1 Introduction

We will be doing a brief analysis on the dataset protein provided by the link https://raw.githubusercontent.com/pengdsci/sta321/main/ww02/w02-Protein_Supply_Quantity_Data.csv. This dataset includes the percentage of protein intake from different categories of food of countries all over the world, as well as obesity and COVID-19 data for these countries. In this week’s assignment, we will analyze one specific variable in this dataset by using two differing methods to construct a confidence interval for the mean of the sample for the chosen variable, and then we will compare the two confidence intervals. For my assignment, I chose the variable eggs.

2 Confidence Interval #1:

This confidence interval is constructed by taking the z-score of \(\frac{\alpha}{2}=0.025\) to construct a confidence interval of \([\bar{x}-Z_{\frac{\alpha}{2}}\cdot\frac{\sigma}{\sqrt{n}}, \bar{x}+Z_{\frac{\alpha}{2}}\cdot\frac{\sigma}{\sqrt{n}}]\) where \(\bar{x}\) is the sample mean, \(\sigma\) is the sample standard deviation, and \(n\) is the number of observation in the variable eggs.
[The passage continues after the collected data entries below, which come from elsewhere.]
lemma measurable_emeasure_finite_kernel_generated:
  assumes eq: "sets N = sigma_sets \<Omega> G" and "Int_stable G" "G \<subseteq> Pow \<Omega>"
    and sets: "\<And>a. a \<in> space M \<Longrightarrow> sets (K a) = sets N"
    and fin: "\<And>a. a \<in> space M \<Longrightarrow> finite_measure (K a)"
    and gen: "\<And>A. A \<in> G \<Longrightarrow> (\<lambda>a. emeasure (K a) A) \<in> borel_measurable M"
    and \<Omega>: "(\<lambda>a. emeasure (K a) \<Omega>) \<in> borel_measurable M"
    and A: "A \<in> sets N"
  shows "(\<lambda>a. emeasure (K a) A) \<in> borel_measurable M"
proof -
  interpret G: sigma_algebra \<Omega> "sigma_sets \<Omega> G"
    using \<open>G \<subseteq> Pow \<Omega>\<close> by (rule sigma_algebra_sigma_sets)
  from \<open>Int_stable G\<close> \<open>G \<subseteq> Pow \<Omega>\<close> A show ?thesis
    unfolding eq
  proof (induction rule: sigma_sets_induct_disjoint)
    case (basic A)
    then show ?case by (rule gen)
  next
    case empty
    then show ?case by simp
  next
    case (compl A)
    have "(\<lambda>a. emeasure (K a) (\<Omega> - A)) \<in> borel_measurable M \<longleftrightarrow>
        (\<lambda>a. emeasure (K a) \<Omega> - emeasure (K a) A) \<in> borel_measurable M"
      using G.top G.sets_into_space sets eq compl finite_measure.emeasure_finite[OF fin]
      by (intro measurable_cong emeasure_Diff) auto
    with compl \<Omega> show ?case
      by simp
  next
    case (union F)
    have "(\<lambda>a. emeasure (K a) (\<Union>i. F i)) \<in> borel_measurable M \<longleftrightarrow>
        (\<lambda>a. \<Sum>i. emeasure (K a) (F i)) \<in> borel_measurable M"
      using sets union eq by (intro measurable_cong suminf_emeasure[symmetric]) auto
    with union show ?case
      by auto
  qed
qed

lemma emeasure_eq_nn_integral_kernel_generated:
  assumes eq: "sets \<mu> = sigma_sets \<Omega> G" and "Int_stable G" "G \<subseteq> Pow \<Omega>" "\<Omega> \<in> G"
    and fin: "emeasure \<mu> \<Omega> \<noteq> \<infinity>"
    and sets: "\<And>a. a \<in> space N \<Longrightarrow> sets (K a) = sets \<mu>"
    and meas: "\<And>A. A \<in> sets \<mu> \<Longrightarrow> (\<lambda>a. emeasure (K a) A) \<in> borel_measurable N"
    and gen: "\<And>A. A \<in> G \<Longrightarrow> emeasure \<mu> A = (\<integral>\<^sup>+ a. emeasure (K a) A \<partial>N)"
    and A: "A \<in> sets \<mu>"
  shows "emeasure \<mu> A = (\<integral>\<^sup>+ a. emeasure (K a) A \<partial>N)"
proof -
  interpret sigma_algebra \<Omega> "sets \<mu>"
    unfolding eq using \<open>G \<subseteq> Pow \<Omega>\<close> by (rule sigma_algebra_sigma_sets)
  define \<nu> where "\<nu> = measure_of \<Omega> (sets \<mu>) (\<lambda>A. \<integral>\<^sup>+ a. emeasure (K a) A \<partial>N)"
  have emeasure_\<nu>: "emeasure \<nu> B = (\<integral>\<^sup>+ a. emeasure (K a) B \<partial>N)" if "B \<in> sets \<mu>" for B
    unfolding \<nu>_def
  proof (rule emeasure_measure_of_sigma[OF sigma_algebra_axioms _ _ that])
    show "positive (sets \<mu>) (\<lambda>A. \<integral>\<^sup>+ a. emeasure (K a) A \<partial>N)"
      by (simp add: positive_def)
    show "countably_additive (sets \<mu>) (\<lambda>A. \<integral>\<^sup>+ a. emeasure (K a) A \<partial>N)"
    proof (rule countably_additiveI)
      fix F :: "nat \<Rightarrow> _"
      assume F: "range F \<subseteq> sets \<mu>" "disjoint_family F"
      have "(\<Sum>i. \<integral>\<^sup>+ a. emeasure (K a) (F i) \<partial>N) = (\<integral>\<^sup>+ a. (\<Sum>i. emeasure (K a) (F i)) \<partial>N)"
        using F meas by (intro nn_integral_suminf[symmetric]) auto
      also have "\<dots> = (\<integral>\<^sup>+ a. emeasure (K a) (\<Union>i. F i) \<partial>N)"
        using F sets by (intro nn_integral_cong suminf_emeasure) auto
      finally show "(\<Sum>i. \<integral>\<^sup>+ a. emeasure (K a) (F i) \<partial>N) = (\<integral>\<^sup>+ a. emeasure (K a) (\<Union>i. F i) \<partial>N)" .
    qed
  qed
  have "\<mu> = \<nu>"
  proof (rule measure_eqI_generator_eq[OF \<open>Int_stable G\<close> \<open>G \<subseteq> Pow \<Omega>\<close> _ eq])
    show "emeasure \<mu> X = emeasure \<nu> X" if "X \<in> G" for X
      using that gen emeasure_\<nu> eq by auto
    show "sets \<nu> = sigma_sets \<Omega> G"
      unfolding \<nu>_def eq[symmetric] by (simp add: sets_measure_of[OF space_closed] sigma_sets_eq)
    show "range (\<lambda>_. \<Omega>) \<subseteq> G" "(\<Union>i. \<Omega>) = \<Omega>" "emeasure \<mu> \<Omega> \<noteq> \<infinity>"
      using \<open>\<Omega> \<in> G\<close> fin by auto
  qed
  then show ?thesis
    using A emeasure_\<nu> by simp
qed

lemma measurable_emeasure_open_kernel_from_continuous:
  fixes K :: "'b \<Rightarrow> 'a::metric_space measure"
  assumes sets: "\<And>z. sets (K z) = sets borel"
    and meas: "\<And>f. continuous_on UNIV f \<Longrightarrow> bounded (range f) \<Longrightarrow> (\<And>y. 0 \<le> f y) \<Longrightarrow>
                 (\<lambda>z. \<integral>\<^sup>+ y. f y \<partial>K z) \<in> borel_measurable N"
    and "open U"
  shows "(\<lambda>z. emeasure (K z) U) \<in> borel_measurable N"
proof (rule borel_measurable_LIMSEQ_order)
  show "(\<lambda>n. \<integral>\<^sup>+ y. open_cutoff U n y \<partial>K z) \<longlonglongrightarrow> emeasure (K z) U" for z
    using nn_integral_open_cutoff_LIMSEQ[OF sets \<open>open U\<close>] .
  show "(\<lambda>z. \<integral>\<^sup>+ y. open_cutoff U n y \<partial>K z) \<in> borel_measurable N" for n
    by (intro meas continuous_on_open_cutoff bounded_range_open_cutoff open_cutoff_nonneg)
qed

lemma measurable_emeasure_kernel_from_continuous:
  fixes K :: "'b \<Rightarrow> 'a::metric_space measure"
  assumes sets: "\<And>z. sets (K z) = sets borel"
    and fin: "\<And>z. finite_measure (K z)"
    and meas: "\<And>f. continuous_on UNIV f \<Longrightarrow> bounded (range f) \<Longrightarrow> (\<And>y. 0 \<le> f y) \<Longrightarrow>
                 (\<lambda>z. \<integral>\<^sup>+ y. f y \<partial>K z) \<in> borel_measurable N"
    and "A \<in> sets borel"
  shows "(\<lambda>z. emeasure (K z) A) \<in> borel_measurable N"
proof (rule measurable_emeasure_finite_kernel_generated[OF sets_borel _ _ sets fin])
  show "Int_stable {S::'a set. open S}"
    by (auto simp: Int_stable_def)
  show "(\<lambda>z. emeasure (K z) U) \<in> borel_measurable N" if "U \<in> {S. open S}" for U
    using that by (intro measurable_emeasure_open_kernel_from_continuous[OF sets meas]) auto
  then show "(\<lambda>z. emeasure (K z) UNIV) \<in> borel_measurable N"
    by simp
qed (use \<open>A \<in> sets borel\<close> in auto)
We will also make a histogram for the values in eggs.

LCL.95 UCL.95
1.043119 1.279816

3 Confidence Interval #2: Bootstrapping

The second confidence interval will be constructed through the bootstrapping sampling method. This will involve drawing from the same sample repeatedly with replacement to generate multiple samples, and then using the means of the samples generated to construct our confidence interval. We will also construct a histogram of the means of the samples generated in the bootstrapping process.

##     2.5%    97.5% 
## 1.050542 1.278106

4 Discussion

An examination of the two confidence intervals finds them very similar to each other. The 95% confidence interval indicates that we are 95% confident that these intervals contain the true mean of the protein intake ascribed to eggs of different countries over the world. Because of the nature of the random sampling done in the bootstrapping process, there is some variability in the final bootstrap confidence interval.

When looking at the histograms, we find that the first histogram created of just the variable eggs from the protein dataset shows a distribution that is unimodal with right skew that is not symmetric. The second histogram of the means of the samples generated through the bootstrapping method shows a unimodal, relatively symmetric distribution.